# ENTRIES SHOWN
BEGIN
lemma weight_edge:
  fixes E :: "('n::finite \<times> 'n) set"
  assumes pc: "path_consistent E" and ab: "(a, b) \<in> E" and ba: "(b, a) \<notin> E"
  shows "weight E b = weight E a + 1"
proof -
  have "uadj E a b" using ab by (simp add: uadj_def)
  then have src: "wsource E b = wsource E a"
    by (intro wsource_cong comp_eq_if_ureach uadj_imp_ureach) (auto simp: uadj_def)
  obtain ps where ps: "upath E ps" "hd ps = wsource E a" "last ps = a"
    using in_comp_wsource[of a E] by (auto simp: comp_def)
  have wa: "weight E a = delta E ps" using weight_eq_delta[OF pc ps] .
  txt \<open>Extend the path from the weight source to \<open>a\<close> by \<open>b\<close>, or, if it passes \<open>b\<close>, cut it
    there: path consistency identifies its remaining part from \<open>b\<close> to \<open>a\<close> with the edge.\<close>
  show ?thesis
  proof (cases "b \<in> set ps")
    case False
    obtain xs where xs: "ps = xs @ [a]"
      using ps by (metis append_butlast_last_id upath_def)
    have "upath E (xs @ [a, b])"
      using ps(1) False \<open>uadj E a b\<close> unfolding xs
      by (auto simp: upath_iff_uwalk uwalk_def successively_append_iff)
    moreover have "hd (xs @ [a, b]) = wsource E b" using ps(2) src unfolding xs by (cases xs) auto
    ultimately have "weight E b = delta E (xs @ [a, b])" using weight_eq_delta[OF pc] by simp
    also have "\<dots> = delta E ps + 1" using delta_append[of E xs a "[b]"] ab unfolding xs by simp
    finally show ?thesis using wa by simp
  next
    case True
    then obtain xs ys where xs: "ps = xs @ b # ys" by (meson split_list)
    have walks: "upath E (xs @ [b])" "upath E (b # ys)"
      using ps(1) uwalk_append_iff[of E xs b ys] unfolding xs by (auto simp: upath_iff_uwalk)
    have "hd (xs @ [b]) = wsource E b" using ps(2) src unfolding xs by (cases xs) auto
    then have wb: "weight E b = delta E (xs @ [b])" using weight_eq_delta[OF pc walks(1)] by simp
    have "b \<noteq> a" using ab ba by auto
    then have "upath E [b, a]" using \<open>uadj E a b\<close> by (auto simp: upath_iff_uwalk uwalk_def uadj_def)
    moreover have "last (b # ys) = a" using ps(3) unfolding xs by (cases ys) auto
    ultimately have "delta E (b # ys) = delta E [b, a]"
      using pc walks(2) unfolding path_consistent_def by fastforce
    also have "\<dots> = -1" using ba by (simp add: delta_def)
    finally show ?thesis using wa wb delta_append[of E xs b ys] unfolding xs by simp
  qed
qed

section \<open>Exposing potentials\<close>

text \<open>\<open>\<chi> i. c i\<close> is the normal of the hyperplane \<open>(\<chi> i. c i) \<bullet> x = 1\<close> that cuts \<open>Q_poly H\<close>
  out of \<open>Q_tilde G\<close>.\<close>
definition exposing_potential :: "('n \<times> 'n) set \<Rightarrow> ('n \<times> 'n) set \<Rightarrow> ('n \<Rightarrow> real) \<Rightarrow> bool" where
  "exposing_potential G H c \<longleftrightarrow>
     (\<forall>(a, b) \<in> H. c a - c b = 1) \<and> (\<forall>(a, b) \<in> G - H. c a - c b < 1)"

lemma delta_eq_potential_diff:
  assumes "\<forall>(a, b) \<in> E. c a - c b = (1::real)" and "uwalk E ps"
  shows "real_of_int (delta E ps) = c (hd ps) - c (last ps)"
  using assms(2)
proof (induction ps)
  case (Cons a ps)
  show ?case
  proof (cases ps)
    case (Cons b qs)
    with Cons.prems have "uadj E a b" "uwalk E ps" by (auto simp: uwalk_def)
    with assms(1) Cons.IH \<open>ps = b # qs\<close> show ?thesis by (auto simp: uadj_def)
  qed simp
qed (simp add: uwalk_def)

lemma exposing_potential_imp_path_consistent:
  assumes "exposing_potential G H c"
  shows "path_consistent H"
  unfolding path_consistent_def
proof (intro allI impI)
  fix ps qs
  assume paths: "upath H ps \<and> upath H qs \<and> hd ps = hd qs \<and> last ps = last qs"
  have pot: "\<forall>(a, b) \<in> H. c a - c b = 1" using assms by (simp add: exposing_potential_def)
  have "real_of_int (delta H ps) = real_of_int (delta H qs)"
    using paths delta_eq_potential_diff[OF pot, of ps] delta_eq_potential_diff[OF pot, of qs]
    by (simp add: upath_iff_uwalk)
  then show "delta H ps = delta H qs" by simp
qed
lemma uniform_imp_LIMSEQ:
  assumes "\<And>e. 0 < e \<Longrightarrow> \<exists>N. \<forall>n\<ge>N. \<forall>x\<in>A. \<bar>f n x - g x\<bar> \<le> e" and "x \<in> A"
  shows "(\<lambda>n. f n x) \<longlonglongrightarrow> (g x :: real)"
proof (rule LIMSEQ_I)
  fix e :: real assume "0 < e"
  then obtain N where "\<forall>n\<ge>N. \<forall>x\<in>A. \<bar>f n x - g x\<bar> \<le> e / 2" using assms(1)[of "e / 2"] by auto
  then show "\<exists>N. \<forall>n\<ge>N. norm (f n x - g x) < e" using assms(2) \<open>0 < e\<close> by force
qed

section \<open>c-transforms\<close>

lemma ctrans_le: "x \<in> \<Omega> \<Longrightarrow> ctrans \<Omega> c p y \<le> p x + ereal (c x y)"
  unfolding ctrans_def by (rule INF_lower)

lemma cbartrans_ge: "y \<in> \<Omega> \<Longrightarrow> q y - ereal (c x y) \<le> cbartrans \<Omega> c q x"
  unfolding cbartrans_def by (rule SUP_upper)

lemma cbartrans_ctrans_le: "x \<in> \<Omega> \<Longrightarrow> cbartrans \<Omega> c (ctrans \<Omega> c p) x \<le> p x"
  unfolding cbartrans_def
  by (rule SUP_least) (simp add: ereal_minus_real_le_iff ctrans_le)

lemma ctrans_cbartrans_ge: "y \<in> \<Omega> \<Longrightarrow> q y \<le> ctrans \<Omega> c (cbartrans \<Omega> c q) y"
  unfolding ctrans_def
  by (rule INF_greatest) (simp add: ereal_minus_real_le_iff[symmetric] cbartrans_ge)

lemma ctrans_mono:
  assumes "\<And>x. x \<in> \<Omega> \<Longrightarrow> p x \<le> p' x" shows "ctrans \<Omega> c p y \<le> ctrans \<Omega> c p' y"
  unfolding ctrans_def by (rule INF_mono) (use assms add_right_mono in blast)

lemma ctrans_cbartrans_ctrans:
  assumes "y \<in> \<Omega>"
  shows "ctrans \<Omega> c (cbartrans \<Omega> c (ctrans \<Omega> c p)) y = ctrans \<Omega> c p y"
  by (rule order_antisym[OF ctrans_mono[OF cbartrans_ctrans_le] ctrans_cbartrans_ge[OF assms]])

lemma cbartrans_cong:
  assumes "\<And>y. y \<in> \<Omega> \<Longrightarrow> q y = q' y" shows "cbartrans \<Omega> c q x = cbartrans \<Omega> c q' x"
  unfolding cbartrans_def by (rule SUP_cong) (simp_all add: assms)
lemma convex_on_quadratic_expansion:
  fixes f :: "'a::real_vector \<Rightarrow> real"
  assumes f: "\<And>x w t. f (x + t *\<^sub>R w) = f x + t * D x w + t\<^sup>2 * E w"
    and E: "\<And>w. 0 \<le> E w"
  shows "convex_on UNIV f"
  unfolding convex_on_def
proof (intro conjI convex_UNIV ballI allI impI)
  fix x y :: 'a and u v :: real
  assume u: "0 \<le> u" and v: "0 \<le> v" and uv: "u + v = 1"
  have u_eq: "u = 1 - v"
    using uv by simp
  have "v * (v * E (y - x)) \<le> v * E (y - x)"
    by (rule mult_left_le_one_le) (use u v uv E[of "y - x"] in auto)
  then have "v\<^sup>2 * E (y - x) \<le> v * E (y - x)"
    by (simp add: power2_eq_square mult.assoc)
  moreover have "u *\<^sub>R x + v *\<^sub>R y = x + v *\<^sub>R (y - x)"
    by (simp add: u_eq scaleR_diff_left scaleR_diff_right)
  then have "f (u *\<^sub>R x + v *\<^sub>R y) = f x + v * D x (y - x) + v\<^sup>2 * E (y - x)"
    by (simp only: f)
  moreover have "u * f x + v * f y = f x + v * D x (y - x) + v * E (y - x)"
    using f[of x 1 "y - x"] by (simp add: u_eq algebra_simps)
  ultimately show "f (u *\<^sub>R x + v *\<^sub>R y) \<le> u * f x + v * f y"
    by linarith
qed

lemma first_order_of_min_on_convex:
  fixes f :: "'a::real_vector \<Rightarrow> real"
  assumes f: "\<And>x w t. f (x + t *\<^sub>R w) = f x + t * D x w + t\<^sup>2 * E w"
    and C: "convex C" "x0 \<in> C" "y \<in> C"
    and min: "\<And>x. x \<in> C \<Longrightarrow> f x0 \<le> f x"
  shows "0 \<le> D x0 (y - x0)"
proof (rule first_order_coeff_nonneg[of _ "E (y - x0)"])
  fix t :: real
  assume "0 < t" "t \<le> 1"
  then have "(1 - t) *\<^sub>R x0 + t *\<^sub>R y \<in> C"
    using C by (intro convexD_alt) auto
  moreover have "(1 - t) *\<^sub>R x0 + t *\<^sub>R y = x0 + t *\<^sub>R (y - x0)"
    by (simp add: algebra_simps)
  ultimately have "f x0 \<le> f (x0 + t *\<^sub>R (y - x0))"
    by (metis min)
  then show "0 \<le> t * D x0 (y - x0) + t\<^sup>2 * E (y - x0)"
    by (simp add: f)
qed

section \<open>Lagrange multipliers of convex programs under Slater's condition\<close>

lemma convex_constraint_epigraph:
  fixes f :: "'a::real_vector \<Rightarrow> real" and g :: "'k::finite \<Rightarrow> 'a \<Rightarrow> real"
  assumes f: "convex_on UNIV f" and g: "\<And>i. convex_on UNIV (g i)"
  shows "convex {(t, s::real^'k). \<exists>x. f x \<le> t \<and> (\<forall>i. g i x \<le> s$i)}"
proof (rule convexI)
  fix p p' :: "real \<times> (real^'k)" and u v :: real
  assume "p \<in> {(t, s). \<exists>x. f x \<le> t \<and> (\<forall>i. g i x \<le> s$i)}"
    and "p' \<in> {(t, s). \<exists>x. f x \<le> t \<and> (\<forall>i. g i x \<le> s$i)}"
    and uv: "0 \<le> u" "0 \<le> v" "u + v = 1"
  then obtain t s x t' s' x' where p: "p = (t, s)" "p' = (t', s')"
    and x: "f x \<le> t" "\<forall>i. g i x \<le> s$i" and x': "f x' \<le> t'" "\<forall>i. g i x' \<le> s'$i"
    by auto
  have "f (u *\<^sub>R x + v *\<^sub>R x') \<le> u * f x + v * f x'"
    using f uv by (simp add: convex_on_def)
  also have "\<dots> \<le> u * t + v * t'"
    using x x' uv by (intro add_mono mult_left_mono) auto
  finally have "f (u *\<^sub>R x + v *\<^sub>R x') \<le> u * t + v * t'" .
  moreover have "g i (u *\<^sub>R x + v *\<^sub>R x') \<le> u * s$i + v * s'$i" for i
  proof -
    have "g i (u *\<^sub>R x + v *\<^sub>R x') \<le> u * g i x + v * g i x'"
      using g uv by (simp add: convex_on_def)
    also have "\<dots> \<le> u * s$i + v * s'$i"
      using x x' uv by (intro add_mono mult_left_mono) auto
    finally show ?thesis .
  qed
  ultimately show "u *\<^sub>R p + v *\<^sub>R p' \<in> {(t, s). \<exists>x. f x \<le> t \<and> (\<forall>i. g i x \<le> s$i)}"
    unfolding p by auto
qed

lemma convex_epigraph_separation:
  fixes f :: "'a::real_vector \<Rightarrow> real" and g :: "'k::finite \<Rightarrow> 'a \<Rightarrow> real"
  assumes f: "convex_on UNIV f" and g: "\<And>i. convex_on UNIV (g i)"
    and opt: "\<And>x. (\<forall>i. g i x \<le> 0) \<Longrightarrow> f x0 \<le> f x"
  shows "\<exists>a0 (a::real^'k) b. (a0, a) \<noteq> 0 \<and>
    (\<forall>t s. t < f x0 \<longrightarrow> (\<forall>i. s$i < 0) \<longrightarrow> a0 * t + (\<Sum>i\<in>UNIV. a$i * s$i) \<le> b) \<and>
    (\<forall>x t s. f x \<le> t \<longrightarrow> (\<forall>i. g i x \<le> s$i) \<longrightarrow> b \<le> a0 * t + (\<Sum>i\<in>UNIV. a$i * s$i))"
proof -
  define A :: "(real \<times> (real^'k)) set" where "A = {(t, s). \<exists>x. f x \<le> t \<and> (\<forall>i. g i x \<le> s$i)}"
  define B :: "(real \<times> (real^'k)) set" where "B = {..<f x0} \<times> (\<Inter>i. {s. inner (axis i 1) s < 0})"
  have B_iff: "(t, s) \<in> B \<longleftrightarrow> t < f x0 \<and> (\<forall>i. s$i < 0)" for t s
    by (simp add: B_def inner_axis')
  have "convex A"
    unfolding A_def using f g by (rule convex_constraint_epigraph)
  moreover have "convex B"
    unfolding B_def by (intro convex_Times convex_INT convex_halfspace_lt) (simp add: convex_real_interval)
  moreover have "B \<noteq> {}"
    using B_iff[of "f x0 - 1" "\<chi> i. -1"] by auto
  moreover have "(f x0, \<chi> i. g i x0) \<in> A"
    unfolding A_def by auto
  then have "A \<noteq> {}"
    by blast
  moreover have "B \<inter> A = {}"
  proof (rule ccontr)
    assume "B \<inter> A \<noteq> {}"
    then obtain t s x where "t < f x0" "\<forall>i. s$i < 0" "f x \<le> t" "\<forall>i. g i x \<le> s$i"
      unfolding A_def by (auto simp: B_iff)
    then have "\<forall>i. g i x \<le> 0" "f x < f x0"
      by (meson less_imp_le order.trans, linarith)
    with opt show False
      by fastforce
  qed
  ultimately obtain c b where "c \<noteq> 0" and cB: "\<forall>p\<in>B. inner c p \<le> b" and cA: "\<forall>p\<in>A. b \<le> inner c p"
    by (metis separating_hyperplane_sets)
  obtain a0 a where c: "c = (a0, a)"
    by fastforce
  have inner_c: "inner c (t, s) = a0 * t + (\<Sum>i\<in>UNIV. a$i * s$i)" for t s
    by (simp add: c inner_vec_def)
  show ?thesis
  proof (intro exI conjI allI impI)
    show "(a0, a) \<noteq> 0"
      using \<open>c \<noteq> 0\<close> c by simp
    show "a0 * t + (\<Sum>i\<in>UNIV. a$i * s$i) \<le> b" if "t < f x0" "\<forall>i. s$i < 0" for t s
      using cB[rule_format, of "(t, s)"] that by (simp add: B_iff inner_c)
    show "b \<le> a0 * t + (\<Sum>i\<in>UNIV. a$i * s$i)" if "f x \<le> t" "\<forall>i. g i x \<le> s$i" for x t s
      using cA[rule_format, of "(t, s)"] that by (auto simp: A_def inner_c)
  qed
qed
(* In the setting below, let $x\in\{0,1\}^n$ satisfy $w_{\mathcal{I}}(x)\in[W-w_{\max},W]$. With probability at least $1-1/n^2$ (over the random partition), for all $\ell\in\{0,\dots,\log_2 q\}$ and all $j\in\{1,\dots,q/2^\ell\}$: (i) $w_{\mathcal{I}^\ell_j}(x)\in J^\ell$, and (ii) $C^\ell_j[w_{\mathcal{I}^\ell_j}(x)]\ge p_{\mathcal{I}^\ell_j}(x)$.
   Context: Setting: a 0-1 Knapsack instance with items $\mathcal{I}=\{1,\dots,n\}$, $n\ge 3$, profits $p_i\in\mathbb{N}$, weights $w_i\in\mathbb{N}$, $w_{\max}=\max_i w_i$, budget $W$ with $w_{\max}\le W\le n\,w_{\max}$. For $\mathcal{J}\subseteq\mathcal{I}$ and $x\in\{0,1\}^n$, $w_{\mathcal{J}}(x)=\sum_{i\in\mathcal{J}}w_ix_i$, $p_{\mathcal{J}}(x)=\sum_{i\in\mathcal{J}}p_ix_i$, and the profit sequence is $\mathcal{P}_{\mathcal{J}}[t]=\max\{p_{\mathcal{J}}(x): x\in\{0,1\}^n,\ w_{\mathcal{J}}(x)\le t\}$ for $t\in\mathbb{N}$ (only items of $\mathcal{J}$ count). For reals $a\le b$, $[a..b]:=\{\max(0,\lfloor a\rfloor),\dots,\lceil b\rceil\}$. Let $q$ be a power of $2$ with $1\le q\le W/w_{\max}$, $\Delta:=w_{\max}W/q$, $\eta:=11\ln n$, and for $\ell\in\{0,\dots,\log_2q\}$ let $J^\ell:=[\tfrac{W}{q}2^\ell-\sqrt{\Delta2^\ell}\eta\,..\,\tfrac{W}{q}2^\ell+\sqrt{\Delta2^\ell}\eta]$. Assign each item independently uniformly at random to one of groups $\mathcal{I}^0_1,\dots,\mathcal{I}^0_q$, and set $\mathcal{I}^\ell_j=\mathcal{I}^{\ell-1}_{2j-1}\cup\mathcal{I}^{\ell-1}_{2j}$ for $\ell\ge1$, $1\le j\le q/2^\ell$. Define arrays $C^\ell_j$ indexed by $J^\ell$: $C^0_j[t]=\mathcal{P}_{\mathcal{I}^0_j}[t]$ for $t\in J^0$, and for $\ell\ge1$, $k\in J^\ell$: $C^\ell_j[k]=\max\{C^{\ell-1}_{2j-1}[i]+C^{\ell-1}_{2j}[i'] : i,i'\in J^{\ell-1},\ i+i'=k\}$ (maximum of the empty set is $-\infty$). *)

theory Defs
  imports "HOL-Probability.Probability"
begin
END
Beginning at the line with "n x) \<longlonglongrightarrow>" and stopping after the line with "then obtain N", please write out every line of the data above exactly and nothing else.

  shows "(\<lambda>n. f n x) \<longlonglongrightarrow> (g x :: real)"
proof (rule LIMSEQ_I)
  fix e :: real assume "0 < e"
  then obtain N where "\<forall>n\<ge>N. \<forall>x\<in>A. \<bar>f n x - g x\<bar> \<le> e / 2" using assms(1)[of "e / 2"] by auto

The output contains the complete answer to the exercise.